Champagne 2015 was a warm-vintage year that produced ripe, structured wines built to age. For Bollinger, working its Aÿ Grand Cru holdings and reserve wines, the 2015 Grande Année shows the house’s signature toasty, library-aged register without losing freshness. The under-cork aging discipline (not crown seal) gives the wine its slow oxidative complexity. Drinks beautifully now and will keep evolving for decades.

Build the Board

via Murray’s Cheese

A Splurge board for vintage Champagne — the French canon meets the season turning

3-year Comté AOC · Roquefort PDO · Brillat-Savarin · Jambon de Bayonne · Fabrique Délices saucisson

Subscribers get a weekly pick that never hits the site — a fourth bottle, every Thursday, in The TERROIR Letter.

“These are the bottles for the last warm light of summer.”

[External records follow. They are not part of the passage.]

lemma digit_mat_seq_bigo_iff:
  fixes d :: real
  assumes "k \<ge> 2" "Fs 0 = 0" "d > 0"
  shows "(\<lambda>n. norm (digit_mat_seq k Fs n)) \<in> O(\<lambda>n. real n powr log k d) \<longleftrightarrow>
    max_prod_norm (Fs ` {1..<k}) \<in> O(\<lambda>l. d ^ l)"
    (is "?F \<in> _ \<longleftrightarrow> ?M \<in> _")
proof
  assume F: "?F \<in> O(\<lambda>n. real n powr log k d)"
  obtain \<nu> where \<nu>: "\<And>l. length (digits k (\<nu> l)) = l"
    "\<And>l. ?M l = norm (digit_mat_seq k Fs (\<nu> l))"
    using max_prod_norm_eq_norm_digit_mat_seq[OF assms(1)] by metis
  have "l \<le> \<nu> l" for l
    using floorlog_le_self[OF assms(1), of "\<nu> l"] \<nu>(1)[of l] assms(1) by (simp add: length_digits)
  then have \<nu>_lim: "filterlim \<nu> at_top at_top"
    by (intro filterlim_at_top_mono[OF filterlim_ident]) auto
  have "?M = (\<lambda>l. ?F (\<nu> l))" using \<nu>(2) by auto
  also have "(\<lambda>l. ?F (\<nu> l)) \<in> O(\<lambda>l. real (\<nu> l) powr log k d)"
    using F \<nu>_lim by (rule landau_o.big.compose)
  also have "(\<lambda>l. d ^ length (digits k (\<nu> l))) \<in> \<Theta>(\<lambda>l. real (\<nu> l) powr log k d)"
    using pow_length_digits_bigtheta[OF assms(1,3)] \<nu>_lim by (rule landau_theta.compose)
  then have "(\<lambda>l. real (\<nu> l) powr log k d) \<in> O(\<lambda>l. d ^ length (digits k (\<nu> l)))"
    by (simp add: bigtheta_sym bigthetaD1)
  finally show "?M \<in> O(\<lambda>l. d ^ l)" by (simp add: \<nu>(1))
next
  assume M: "?M \<in> O(\<lambda>l. d ^ l)"
  have len_lim: "filterlim (\<lambda>n. length (digits k n)) at_top at_top"
    using filterlim_floorlog_at_top[OF assms(1)] assms(1) by (simp add: length_digits)
  have "norm (?F n) \<le> 1 * norm (?M (length (digits k n)))" for n
    using norm_digit_mat_seq_le[of k Fs n, OF assms(1,2)] abs_ge_self[of "?M (length (digits k n))"]
    by simp
  then have "?F \<in> O(\<lambda>n. ?M (length (digits k n)))"
    by (intro bigoI always_eventually allI)
  also have "(\<lambda>n. ?M (length (digits k n))) \<in> O(\<lambda>n. d ^ length (digits k n))"
    using M len_lim by (rule landau_o.big.compose)
  also have "(\<lambda>n. d ^ length (digits k n)) \<in> O(\<lambda>n. real n powr log k d)"
    using pow_length_digits_bigtheta[OF assms(1,3)] by blast
  finally show "?F \<in> O(\<lambda>n. real n powr log k d)" .
qed

theorem corollary3p12:
  fixes k :: nat and S :: "real set" and Fs :: "nat \<Rightarrow> real^'n^'n" and \<rho>' :: real
  assumes "k \<ge> 2"
    and "real_subring S" and "\<forall>x\<in>S. algebraic x"
    and "\<forall>i<k. \<forall>a b. Fs i $ a $ b \<in> S"
    and "Fs 0 = 0"
    and "\<rho>' > 0"
  shows "jsr (Fs ` {1..<k}) \<le> \<rho>' \<longleftrightarrow>
    (\<forall>\<epsilon>>0. (\<lambda>n. norm (digit_mat_seq k Fs n)) \<in> O(\<lambda>n. real n powr (log k \<rho>' + \<epsilon>)))"
proof -
  have "jsr (Fs ` {1..<k}) \<le> \<rho>' \<longleftrightarrow> (\<forall>d>\<rho>'. max_prod_norm (Fs ` {1..<k}) \<in> O(\<lambda>l. d ^ l))"
    using assms(1,6) by (intro jsr_le_iff_bigo) auto
  also have "\<dots> \<longleftrightarrow> (\<forall>d>\<rho>'. (\<lambda>n. norm (digit_mat_seq k Fs n)) \<in> O(\<lambda>n. real n powr log k d))"
    using digit_mat_seq_bigo_iff[of k Fs, OF assms(1,5)] assms(6) by auto
  also have "\<dots> \<longleftrightarrow>
    (\<forall>\<epsilon>>0. (\<lambda>n. norm (digit_mat_seq k Fs n)) \<in> O(\<lambda>n. real n powr (log k \<rho>' + \<epsilon>)))"
    using assms(1,6) by (intro all_gt_log_iff) auto
  finally show ?thesis .
qed

end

— The TERROIR Editorial Desk

Producer Spotlight

Tempier's La Migoua vineyard at 300m altitude, vine canopy in golden late-afternoon light against the Bandol limestone massif.

Domaine Tempier

Bandol, Provence — the Peyraud family’s defense of Mourvèdre

In 1936, Lucien Peyraud married Lulu Tempier and spent the next forty years arguing that Bandol’s traditional grape — Mourvèdre — was the soul of the appellation, against the broader drift toward earlier-drinking accessibility. The estate became Bandol’s spiritual center under his stewardship, and remains so under his sons and Daniel Ravier today.